Инновационный метод для экзосома количественной и измерения размера

Цель этой процедуры состоит в том, чтобы проанализировать экзосомы по их размеру и количественно оценить их с помощью анализа отслеживания наночастиц или прибора NTA с помощью полуавтоматического метода. Это достигается за счет использования этапов дифференциальной центрации для получения гранулы экзосомы из крови человека. Экзосомы ресуспендируют в концентрации, которая заранее определена для количества исходной плазмы для получения соответствующей интенсивности рассеяния.

Во время NTA суспензия затем фильтруется, чтобы отделить экзосомы от более крупных частиц. Затем выполняется калибровка прибора NTA с помощью контрольной суспензии, содержащей частицы полистирола размером 200 нанометров. Затем раствор экзосомы вводится в прибор NTA и выбирается идеальная настройка NTA путем проведения предварительного теста перед проведением окончательного теста.

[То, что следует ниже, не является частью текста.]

definition pvm :: "(real set \<Rightarrow> 'a::real_inner \<Rightarrow> 'a) \<Rightarrow> bool" where
  "pvm E \<longleftrightarrow>
     (\<forall>S\<in>sets (borel :: real measure). bounded_linear (E S) \<and>
        (\<forall>x y. inner (E S x) y = inner x (E S y)) \<and> E S \<circ> E S = E S) \<and>
     E UNIV = id \<and>
     (\<forall>S\<in>sets (borel :: real measure). \<forall>T\<in>sets (borel :: real measure).
        E (S \<inter> T) = E S \<circ> E T) \<and>
     (\<forall>F. range F \<subseteq> sets (borel :: real measure) \<longrightarrow> disjoint_family F \<longrightarrow>
        (\<forall>x. (\<lambda>n. E (F n) x) sums E (\<Union>n. F n) x))"

definition spec_meas :: "(real set \<Rightarrow> 'a::real_inner \<Rightarrow> 'a) \<Rightarrow> 'a \<Rightarrow> real measure" where
  "spec_meas E x = measure_of UNIV (sets borel) (\<lambda>S. ennreal ((norm (E S x))\<^sup>2))"

text \<open>Domain of the form: dom(|A|^{1/2}) = {x. \<integral> |\<mu>| d<E(\<mu>)x,x> < \<infinity>}.\<close>
definition form_dom :: "(real set \<Rightarrow> 'a::real_inner \<Rightarrow> 'a) \<Rightarrow> 'a set" where
  "form_dom E = {x. integrable (spec_meas E x) (\<lambda>\<mu>. \<bar>\<mu>\<bar>)}"

text \<open>The form \<integral> \<mu> d<E(\<mu>)x,y>, the signed measure <E(.)x,y> written via polarization.\<close>
definition spec_form :: "(real set \<Rightarrow> 'a::real_inner \<Rightarrow> 'a) \<Rightarrow> 'a \<Rightarrow> 'a \<Rightarrow> real" where
  "spec_form E x y = (integral\<^sup>L (spec_meas E (x + y)) (\<lambda>\<mu>. \<mu>)
                      - integral\<^sup>L (spec_meas E (x - y)) (\<lambda>\<mu>. \<mu>)) / 4"

definition spectral_measure_of ::
    "(real set \<Rightarrow> 'a::real_inner \<Rightarrow> 'a) \<Rightarrow> 'a set \<Rightarrow> ('a \<Rightarrow> 'a) \<Rightarrow> bool" where
  "spectral_measure_of E D A \<longleftrightarrow> pvm E \<and>
     D = {x. integrable (spec_meas E x) (\<lambda>\<mu>. \<mu>\<^sup>2)} \<and>
     (\<forall>x\<in>D. \<forall>y\<in>form_dom E. inner (A x) y = spec_form E x y)"

definition nonneg_form :: "'a::real_vector set \<Rightarrow> ('a \<Rightarrow> 'a \<Rightarrow> real) \<Rightarrow> bool" where
  "nonneg_form Db b \<longleftrightarrow> subspace Db \<and>
     (\<forall>x\<in>Db. \<forall>y\<in>Db. \<forall>z\<in>Db. b (x + y) z = b x z + b y z) \<and>
     (\<forall>x\<in>Db. \<forall>y\<in>Db. \<forall>r. b (r *\<^sub>R x) y = r * b x y) \<and>
     (\<forall>x\<in>Db. \<forall>y\<in>Db. b x y = b y x) \<and>
     (\<forall>x\<in>Db. b x x \<ge> 0)"

end

theory Submission
  imports Defs
begin

text \<open>The spectral measure E of A vanishes on the gap: if l is a resolvent point, then on the
  range of E(l - e, l + e) the form of A differs from l times the inner product by at most e, so
  A - l maps that range into itself with norm at most e, which for small e is incompatible with
  the resolvent bound unless the range is trivial; Lindeloef's theorem covers the whole gap.
  For x in dom C put x1 = E(-oo, alpha] x and x2 = E(alpha, oo) x, so x2 has spectrum in
  [beta, oo). Testing C - l against x2 - x1 and using that the form of C is a + b with
  b[x2] >= 0 and b[x1] <= (c + d alpha) |x1|^2 gives
  <(C - l) x, x2 - x1> >= min (beta - l, l - alpha') |x|^2, where alpha' = alpha + c + d alpha.
  Since |x2 - x1| = |x|, C - l is bounded below, and a self-adjoint operator bounded below has
  closed range with trivial orthogonal complement, hence is bijective.\<close>

lemma norm_add_squared:
  fixes a b :: "'a::real_inner"
  shows "(norm (a + b))\<^sup>2 = (norm a)\<^sup>2 + 2 * inner a b + (norm b)\<^sup>2"
  by (simp add: power2_norm_eq_inner inner_add_left inner_add_right inner_commute)

lemma norm_diff_squared:
  fixes a b :: "'a::real_inner"
  shows "(norm (a - b))\<^sup>2 = (norm a)\<^sup>2 - 2 * inner a b + (norm b)\<^sup>2"
  by (simp add: power2_norm_eq_inner inner_diff_left inner_diff_right inner_commute)

lemma parallelogram_law:
  fixes a b :: "'a::real_inner"
  shows "(norm (a + b))\<^sup>2 + (norm (a - b))\<^sup>2 = 2 * (norm a)\<^sup>2 + 2 * (norm b)\<^sup>2"
  by (simp add: norm_add_squared norm_diff_squared)

lemma norm_add_eq_norm_diff_if_orthogonal:
  fixes a b :: "'a::real_inner"
  assumes "inner a b = 0"
  shows "norm (a + b) = norm (a - b)"
proof -
  have "(norm (a + b))\<^sup>2 = (norm (a - b))\<^sup>2"
    using assms by (simp add: norm_add_squared norm_diff_squared)
  thus ?thesis by (simp add: power2_eq_iff_nonneg)
qed

lemma inner_add_diff_orthogonal:
  fixes a b :: "'a::real_inner"
  assumes "inner a b = 0"
  shows "inner (a + b) (b - a) = (norm b)\<^sup>2 - (norm a)\<^sup>2"
  using assms by (simp add: power2_norm_eq_inner inner_add_left inner_diff_right inner_commute[of b a])

lemma dense_orthogonal_eq_0:
  fixes a :: "'a::real_inner"
  assumes "closure D = UNIV" "\<And>w. w \<in> D \<Longrightarrow> inner a w = 0"
  shows "a = 0"
proof -
  have "closure D \<subseteq> {w. inner a w = 0}"
    using assms(2) closed_hyperplane[of a 0] by (intro closure_minimal) auto
  hence "inner a a = 0" using assms(1) by blast
  thus ?thesis by simp
qed
(* Let $\mathbb K$ be a field and $\mathbb K\mathrm{IRel}=\bigoplus_{n\ge0}\mathbb K\mathrm{IRel}_n$ with basis $(\mathbb F_R)$ indexed by integer relations $R$ of all sizes (including the empty relation of size $0$). The product $\mathbb F_R\cdot\mathbb F_S=\sum_{T\in R\,\bar\sqcup\, S}\mathbb F_T$ and the coproduct $\Delta(\mathbb F_R)=\sum_{(X,Y)}\mathbb F_{\mathrm{std}(R|_X)}\otimes\mathbb F_{\mathrm{std}(R|_Y)}$, the sum over all total cuts $(X,Y)$ of $R$, endow $\mathbb K\mathrm{IRel}$ with the structure of a graded (by size) Hopf algebra with unit $\mathbb F_\varnothing$.
   Context: An integer relation of size $n$ is a reflexive binary relation on $[n]$; $\mathrm{IRel}_n$ denotes the set of them. For $R$ of size $n$ and $S$ of size $m$, the shifted shuffle $R\,\bar\sqcup\,S$ is the set of all integer relations $T$ of size $n+m$ whose restriction to $\{1,\dots,n\}$ equals $R$ and whose restriction to $\{n+1,\dots,n+m\}$ equals the shift $\bar S=\{(i+n,j+n):(i,j)\in S\}$ (relations between an element of $[n]$ and an element of $\{n+1,\dots,n+m\}$, in either direction, are arbitrary). A total cut of $R$ is an ordered pair $(X,Y)$ of disjoint sets with $X\cup Y=[n]$ such that for all $x\in X$, $y\in Y$: $(x,y)\in R$ and $(y,x)\notin R$ (including $X=\varnothing$ or $Y=\varnothing$). $R|_X$ is the restriction of $R$ to $X$, and $\mathrm{std}$ relabels the ground set order-preservingly by $1,\dots,|X|$. *)

theory Defs
  imports Main
begin

text \<open>An integer relation of size n is encoded as a pair (n, R) with R a reflexive
  relation on {1..n}.\<close>

type_synonym irel = "nat \<times> (nat \<times> nat) set"

definition IRel :: "nat \<Rightarrow> irel set" where
  "IRel n = {(n, R) | R. R \<subseteq> {1..n} \<times> {1..n} \<and> (\<forall>i\<in>{1..n}. (i, i) \<in> R)}"

definition irels :: "irel set" where
  "irels = (\<Union>n. IRel n)"

definition empty_irel :: irel where
  "empty_irel = (0, {})"

definition shsh :: "irel \<Rightarrow> irel \<Rightarrow> irel set" where
  "shsh RR SS = (case RR of (n, R) \<Rightarrow> case SS of (m, S) \<Rightarrow>
     {(n + m, T) | T. (n + m, T) \<in> IRel (n + m)
        \<and> T \<inter> ({1..n} \<times> {1..n}) = R
        \<and> T \<inter> ({n+1..n+m} \<times> {n+1..n+m}) = (\<lambda>(i, j). (i + n, j + n)) ` S})"

definition total_cut :: "irel \<Rightarrow> nat set \<Rightarrow> nat set \<Rightarrow> bool" where
  "total_cut RR X Y \<longleftrightarrow> X \<inter> Y = {} \<and> X \<union> Y = {1..fst RR}
     \<and> (\<forall>x\<in>X. \<forall>y\<in>Y. (x, y) \<in> snd RR \<and> (y, x) \<notin> snd RR)"

text \<open>std(R|_X): restrict to X and relabel order-preservingly by 1..|X|.\<close>
definition std_restr :: "irel \<Rightarrow> nat set \<Rightarrow> irel" where
  "std_restr RR X = (card X,
     {(i, j). 1 \<le> i \<and> i \<le> card X \<and> 1 \<le> j \<and> j \<le> card X \<and>
        (sorted_list_of_set X ! (i - 1), sorted_list_of_set X ! (j - 1)) \<in> snd RR})"

text \<open>Finitely supported functions (vectors with respect to a basis).\<close>
definition fsupp :: "('a \<Rightarrow> 'k::zero) \<Rightarrow> 'a set" where
  "fsupp a = {x. a x \<noteq> 0}"

definition fs_on :: "'a set \<Rightarrow> ('a \<Rightarrow> 'k::zero) set" where
  "fs_on A = {a. finite (fsupp a) \<and> fsupp a \<subseteq> A}"

definition bas :: "'a \<Rightarrow> 'a \<Rightarrow> 'k::{zero,one}" where
  "bas x = (\<lambda>y. if y = x then 1 else 0)"

text \<open>Linear extension of a map given on basis elements (by its matrix f).\<close>
definition lin :: "('a \<Rightarrow> 'b \<Rightarrow> 'k::comm_semiring_1) \<Rightarrow> ('a \<Rightarrow> 'k) \<Rightarrow> 'b \<Rightarrow> 'k" where
  "lin f a = (\<lambda>y. \<Sum>x\<in>fsupp a. a x * f x y)"

definition mult_basis :: "irel \<Rightarrow> irel \<Rightarrow> irel \<Rightarrow> 'k::{zero,one}" where
  "mult_basis R S = (\<lambda>T. if T \<in> shsh R S then 1 else 0)"

definition mult :: "(irel \<Rightarrow> 'k::comm_semiring_1) \<Rightarrow> (irel \<Rightarrow> 'k) \<Rightarrow> irel \<Rightarrow> 'k" where
  "mult a b = lin (\<lambda>R. lin (\<lambda>S. mult_basis R S) b) a"

text \<open>Coproduct on basis: sum over total cuts; tensors F_U (x) F_V are encoded as pairs (U,V).\<close>
definition cop_basis :: "irel \<Rightarrow> irel \<times> irel \<Rightarrow> 'k::comm_semiring_1" where
  "cop_basis R = (\<lambda>(U, V). of_nat (card {(X, Y). total_cut R X Y
        \<and> std_restr R X = U \<and> std_restr R Y = V}))"
text \<open>The Maya diagram of \<open>D\<close> is that of its partition shifted by \<open>first_gap\<close>.\<close>
lemma mset_degvec_partition_of_maya:
  "mset ([0..<first_gap] @ map (\<lambda>d. d + first_gap) (degvec (partition_of_maya (maya_of_set D))))
     = mset_set D"
proof -
  have "map (\<lambda>d. d + first_gap) (map (\<lambda>d. d - first_gap) upper_list) = upper_list"
    using first_gap_less_upper_list by (intro nth_equalityI) (auto simp: less_imp_le)
  then have "mset ([0..<first_gap] @ map (\<lambda>d. d + first_gap) (degvec (partition_of_maya (maya_of_set D))))
      = mset ([0..<first_gap] @ upper_list)"
    unfolding degvec_partition_of_maya by (simp add: rev_map[symmetric] del: map_map)
  also have "\<dots> = mset_set D"
  proof -
    have "set ([0..<first_gap] @ upper_list) = D"
      using split_at_first_gap set_upper_list by auto
    moreover have "distinct ([0..<first_gap] @ upper_list)"
      using sorted_upper_list set_upper_list strict_sorted_iff by (auto simp: upper_part_def)
    ultimately show ?thesis by (metis mset_set_set)
  qed
  finally show ?thesis .
qed

end

lemma maya_shift_maya_of_set:
  "maya_shift (maya_of_set (set L)) (int s) = maya_of_set (set ([0..<s] @ map (\<lambda>n. n + s) L))"
proof (intro equalityI subsetI)
  fix m assume "m \<in> maya_shift (maya_of_set (set L)) (int s)"
  then obtain n where m: "m = n + int s" "n < 0 \<or> n \<in> int ` set L"
    unfolding maya_shift_def by auto
  then consider "n < 0" | x where "x \<in> set L" "m = int (x + s)"
    by auto
  then show "m \<in> maya_of_set (set ([0..<s] @ map (\<lambda>n. n + s) L))"
  proof cases
    case 1
    then show ?thesis using m by (cases "m < 0") (auto intro!: image_eqI[of _ _ "nat m"])
  next
    case (2 x)
    then have "x + s \<in> set ([0..<s] @ map (\<lambda>n. n + s) L)" by simp
    with 2 show ?thesis by blast
  qed
next
  fix m assume "m \<in> maya_of_set (set ([0..<s] @ map (\<lambda>n. n + s) L))"
  then have "m - int s \<in> maya_of_set (set L)" by auto
  then show "m \<in> maya_shift (maya_of_set (set L)) (int s)"
    unfolding maya_shift_def by (auto intro!: image_eqI[of _ _ "m - int s"])
qed

lemma interleave_maya_of_set:
  "(\<lambda>m. 2 * m) ` maya_of_set A \<union> (\<lambda>m. 2 * m + 1) ` maya_of_set B
   = maya_of_set ((\<lambda>a. 2 * a) ` A \<union> (\<lambda>b. 2 * b + 1) ` B)"
proof (intro equalityI subsetI)
  fix x assume x: "x \<in> maya_of_set ((\<lambda>a. 2 * a) ` A \<union> (\<lambda>b. 2 * b + 1) ` B)"
  have "x = 2 * (x div 2) \<or> x = 2 * (x div 2) + 1" by presburger
  then show "x \<in> (\<lambda>m. 2 * m) ` maya_of_set A \<union> (\<lambda>m. 2 * m + 1) ` maya_of_set B"
  proof
    assume "x = 2 * (x div 2)"
    then show ?thesis using x by (auto simp: image_iff)
  next
    assume "x = 2 * (x div 2) + 1"
    then show ?thesis using x by (auto simp: image_iff)
  qed
next
  fix x assume "x \<in> (\<lambda>m. 2 * m) ` maya_of_set A \<union> (\<lambda>m. 2 * m + 1) ` maya_of_set B"
  then consider (even) m where "x = 2 * m" "m \<in> maya_of_set A"
    | (odd) m where "x = 2 * m + 1" "m \<in> maya_of_set B"
    by blast
  then show "x \<in> maya_of_set ((\<lambda>a. 2 * a) ` A \<union> (\<lambda>b. 2 * b + 1) ` B)"
  proof cases
    case even
    show ?thesis
    proof (cases "m < 0")
      case False
      then obtain a where "a \<in> A" "x = int (2 * a)" using even by auto
      then show ?thesis by blast
    qed (use even in auto)
  next
    case odd
    show ?thesis
    proof (cases "m < 0")
      case False
      then obtain b where "b \<in> B" "x = int (2 * b + 1)" using odd by auto
      then show ?thesis by blast
    qed (use odd in auto)
  qed
qed

text \<open>The non-negative part of the Maya diagram \<open>maya lam\<close> shifted by \<open>s\<close>.\<close>
definition shifted_degvec :: "nat \<Rightarrow> nat list \<Rightarrow> nat list" where
  "shifted_degvec s lam = [0..<s] @ map (\<lambda>n. n + s) (degvec lam)"

lemma maya_shift_maya: "maya_shift (maya lam) (int s) = maya_of_set (set (shifted_degvec s lam))"
  unfolding maya_def shifted_degvec_def by (rule maya_shift_maya_of_set)

lemma set_map_interleave:
  "set (map interleave (map Inl as @ map Inr bs)) = (\<lambda>a. 2 * a) ` set as \<union> (\<lambda>b. 2 * b + 1) ` set bs"
  by (auto simp: image_iff)

lemma Phi_eq_partition_of_maya_interleave:
  fixes k :: nat
  obtains s s' where "s' + length nu = s + length mu + k"
    and "Phi mu nu (int k) = partition_of_maya (maya_of_set (set (map interleave
           (map Inl (shifted_degvec s mu) @ map Inr (shifted_degvec s' nu)))))"
proof -
  define d where "d = int k + int (length mu) - int (length nu)"
  have s: "(if d \<ge> 0 then 0 else - d) = int (nat (- d))" and s': "(if d \<ge> 0 then d else 0) = int (nat d)"
    by simp_all
  have "nat d + length nu = nat (- d) + length mu + k"
    unfolding d_def by linarith
  moreover have "Phi mu nu (int k) = partition_of_maya (maya_of_set (set (map interleave
      (map Inl (shifted_degvec (nat (- d)) mu) @ map Inr (shifted_degvec (nat d) nu)))))"
    unfolding Phi_def Let_def d_def[symmetric] s s' maya_shift_maya interleave_maya_of_set set_map_interleave ..
  ultimately show thesis by (rule that)
qed

lemma poly_He_part_partition_of_maya:
  assumes "distinct ns"
  shows "poly (He_part (partition_of_maya (maya_of_set (set ns)))) x = hermite_quotient ns x"
proof -
  let ?lam = "partition_of_maya (maya_of_set (set ns))" and ?t = "first_gap (set ns)"
  have "poly (He_part ?lam) x = hermite_quotient ([0..<?t] @ map (\<lambda>d. d + ?t) (degvec ?lam)) x"
    by (simp add: poly_He_part hermite_quotient_shift)
  also have "\<dots> = hermite_quotient ns x"
    unfolding hermite_quotient_def
    by (rule alternant_quotient_mset_eq)
       (metis finite_set mset_degvec_partition_of_maya mset_set_set[OF assms])
  finally show ?thesis .
qed

lemma degvec_nth: "i < length lam \<Longrightarrow> degvec lam ! i = lam ! i + length lam - 1 - i"
  by (simp add: degvec_def)

lemma distinct_degvec:
  assumes "is_partition lam"
  shows "distinct (degvec lam)"
proof -
  have "degvec lam ! j < degvec lam ! i" if "i < j" "j < length lam" for i j
    using sorted_wrt_nth_less[of "(\<ge>)" lam i j] assms that by (simp add: is_partition_def degvec_nth)
  then show ?thesis
    by (auto simp: distinct_conv_nth) (metis linorder_neqE_nat order_less_irrefl)
qed

lemma inj_interleave: "inj interleave"
proof (rule injI)
  fix c c' :: "nat + nat"
  assume "interleave c = interleave c'"
  then show "c = c'" by (cases c; cases c'; simp; presburger)
qed

lemma distinct_interleave_shifted_degvec:
  assumes "is_partition mu" "is_partition nu"
  shows "distinct (map interleave (map Inl (shifted_degvec s mu) @ map Inr (shifted_degvec s' nu)))"
proof -
  have "distinct (shifted_degvec t lam)" if "is_partition lam" for t lam
    using distinct_degvec[OF that] by (auto simp: shifted_degvec_def distinct_map)
  then have "distinct (map Inl (shifted_degvec s mu) @ map Inr (shifted_degvec s' nu))"
    using assms by (auto simp: distinct_map)
  then show ?thesis
    by (metis distinct_map inj_interleave inj_on_subset subset_UNIV)
qed

lemma real_triangle: "real (n * (n - 1) div 2) = real n * (real n - 1) / 2"
proof (cases n)
  case (Suc m)
  then have "2 * (n * m div 2) = n * m" by simp
  then have "2 * real (n * m div 2) = real n * real m"
    by (metis of_nat_mult of_nat_numeral)
  then show ?thesis using Suc by simp
qed simp

lemma sum_list_map_add_const: "sum_list (map (\<lambda>n. n + s) ns) = sum_list ns + s * length ns"
  by (induction ns) simp_all

lemma real_sum_list_degvec:
  "real (sum_list (degvec lam)) = real (psize lam) + real (length lam) * (real (length lam) - 1) / 2"
proof -
  let ?n = "length lam"
  have "sum_list (degvec lam) = (\<Sum>i<?n. lam ! i + (?n - Suc i))"
    unfolding degvec_def interv_sum_list_conv_sum_set_nat by (auto simp: atLeast0LessThan intro: sum.cong)
  also have "\<dots> = (\<Sum>i<?n. lam ! i) + (\<Sum>i<?n. ?n - Suc i)"
    by (rule sum.distrib)
  also have "\<dots> = psize lam + (\<Sum>i<?n. i)"
    using sum.nat_diff_reindex[of "\<lambda>i. i" ?n] by (simp add: psize_def sum_list_sum_nth atLeast0LessThan)
  finally show ?thesis using real_triangle[of ?n] by (simp add: sum_lessThan_id)
qed

lemma real_sum_list_shifted_degvec:
  "real (sum_list (shifted_degvec s lam))
     = real (psize lam) + real (s + length lam) * (real (s + length lam) - 1) / 2"
proof -
  have "sum_list (shifted_degvec s lam) = sum_list [0..<s] + (sum_list (degvec lam) + s * length lam)"
    by (simp add: shifted_degvec_def sum_list_map_add_const)
  moreover have "real (sum_list [0..<s]) = real s * (real s - 1) / 2"
    using sum_lessThan_id[of s] real_triangle[of s] by (simp add: atLeast0LessThan)
  ultimately show ?thesis
    by (simp only: of_nat_add of_nat_mult real_sum_list_degvec) (simp add: field_simps)
qed

subsection \<open>Hermite Wronskians as Laguerre Wronskians\<close>

lemma prod_nth_eq_prod_list: "(\<Prod>j<length xs. f (xs ! j)) = prod_list (map f xs)"
  by (simp add: prod.list_conv_set_nth atLeast0LessThan)

lemma prod_He_scale:
  "(\<Prod>j<length (map Inl as @ map Inr bs). He_scale ((map Inl as @ map Inr bs) ! j))
     = 2 ^ (sum_list as + sum_list bs) * sqrt 2 ^ length bs"
proof -
  have "prod_list (map (\<lambda>a. (2::real) ^ a) as) = 2 ^ sum_list as"
    by (induction as) (simp_all add: power_add)
  moreover have "prod_list (map (\<lambda>b. 2 ^ b * sqrt 2) bs) = 2 ^ sum_list bs * sqrt 2 ^ length bs"
    by (induction bs) (simp_all add: power_add)
  ultimately show ?thesis
    unfolding prod_nth_eq_prod_list by (simp add: comp_def power_add)
qed
lemma hermite_laguerre_prefactor:
  fixes x :: real and a k SA SB pm pn :: nat
  assumes x: "x > 0"
    and SA: "real SA = real pm + real a * (real a - 1) / 2"
    and SB: "real SB = real pn + real (a + k) * (real (a + k) - 1) / 2"
  defines "N \<equiv> a + (a + k)"
  shows "x ^ (N * (N - 1) div 2) * (2 ^ (SA + SB) * sqrt 2 ^ (a + k)) / 2 ^ (N * (N - 1) div 2)
       = 2 ^ (pm + pn) * x ^ (k * (k + 1) div 2) * (x\<^sup>2 / 2) powr ((real a - 1/2) * real (a + k))"
proof -
  let ?P = "N * (N - 1) div 2" and ?K = "k * (k + 1) div 2" and ?e = "(real a - 1/2) * real (a + k)"
  have pow_x: "x ^ n = x powr real n" for n
    using x by (simp add: powr_realpow)
  have pow_2: "(2::real) ^ n = 2 powr real n" for n
    by (simp add: powr_realpow)
  have sqrt_2: "sqrt 2 ^ n = 2 powr (real n / 2)" for n
    using powr_power[of "2::real" "1/2" n] by (simp add: powr_half_sqrt)
  have half_square: "(x\<^sup>2 / 2) powr ?e = x powr (2 * ?e) / 2 powr ?e"
  proof -
    have "x\<^sup>2 = x powr 2" using x by simp
    then have "(x\<^sup>2) powr ?e = x powr (2 * ?e)" by (simp only: powr_powr)
    then show ?thesis using x by (simp add: powr_divide)
  qed
  have P: "real ?P = real ?K + 2 * ?e"
    using real_triangle[of N] real_triangle[of "k + 1"]
    by (simp add: N_def field_simps)
  have two: "real SA + real SB + real (a + k) / 2 - real ?P + ?e = real pm + real pn"
    using real_triangle[of N] by (simp add: SA SB N_def field_simps)
  have "x ^ ?P * (2 ^ (SA + SB) * sqrt 2 ^ (a + k)) / 2 ^ ?P / (x\<^sup>2 / 2) powr ?e
      = (x powr real ?P / x powr (2 * ?e))
        * (2 powr real SA * 2 powr real SB * 2 powr (real (a + k) / 2) * 2 powr ?e / 2 powr real ?P)"
    unfolding half_square unfolding pow_x pow_2 sqrt_2 using x by (simp add: field_simps powr_add)
  also have "\<dots> = x powr (real ?P - 2 * ?e) * 2 powr (real SA + real SB + real (a + k) / 2 - real ?P + ?e)"
    by (simp add: powr_add[symmetric] powr_diff[symmetric] algebra_simps)
  also have "\<dots> = x ^ ?K * 2 ^ (pm + pn)"
    unfolding two unfolding P pow_x pow_2 by simp
  finally show ?thesis
    using x by (simp add: field_simps)
qed

lemma minus_half_not_Ints: "- 1/2 \<notin> (\<int> :: real set)"
proof
  assume "- 1/2 \<in> (\<int> :: real set)"
  then obtain m where "- 1/2 = real_of_int m" by (auto elim: Ints_cases)
  then have "real_of_int (2 * m) = - 1" by simp
  then have "2 * m = - 1" by linarith
  then show False by presburger
qed

lemma laguerre_pair_eq_degs_shifted:
  assumes "z > 0"
  shows "laguerre_pair (- 1/2 + real s - real s') mu nu z
       = laguerre_pair_degs (- 1/2) (shifted_degvec s mu) (shifted_degvec s' nu) z"
proof -
  have "laguerre_pair_degs (- 1/2) (shifted_degvec s mu) (shifted_degvec s' nu) z
      = laguerre_pair_degs (- 1/2 + real s) (degvec mu) (shifted_degvec s' nu) z"
    unfolding shifted_degvec_def by (rule laguerre_pair_degs_shift_Inl[OF minus_half_not_Ints assms])
  also have "\<dots> = laguerre_pair_degs (- 1/2 + real s - real s') (degvec mu) (degvec nu) z"
    unfolding shifted_degvec_def
    by (rule laguerre_pair_degs_shift_Inr[OF not_Ints_add_of_nat[OF minus_half_not_Ints] assms])
  finally show ?thesis by (simp add: laguerre_pair_eq_degs[OF assms])
qed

В конечном итоге можно получить результаты, которые показывают количественную оценку всех измеренных частиц и перечисление частиц по их размерам. Демонстрация этого метода имеет решающее значение, так как решение и настройка для каждого приготовленного экзосомного раствора должны выполняться индивидуально для получения наилучших результатов. Измеряемые экзосомы должны быть в концентрации I, чтобы в режиме просмотра в реальном времени отображалось около 600 частиц на экран.

Кроме того, следует провести предварительный тест для определения оптимального диапазона чувствительности для измерения. Высокая настройка чувствительности приводит к визуализации большего количества мелких частиц, а также увеличивает проблемы, связанные с фоновыми шумами. Чтобы начать подготовку экзосом, соберите цельную кровь в трех цитратных пробирках с помощью венепункции в общей сложности девять миллилитров.

Затем налейте кровь в 15-миллилитровую пробирку Falcon, центрифугируйте образец при 1500 G в течение 20 минут при температуре четыре градуса Цельсия, чтобы инициировать отделение клеток от плазмы. Перенесите S nascent в новую 15-миллилитровую трубку Falcon. Затем снова центрифугируйте образец при 2800 G в течение 20 минут при четырех градусах Цельсия, чтобы удалить все клетки из плазмы.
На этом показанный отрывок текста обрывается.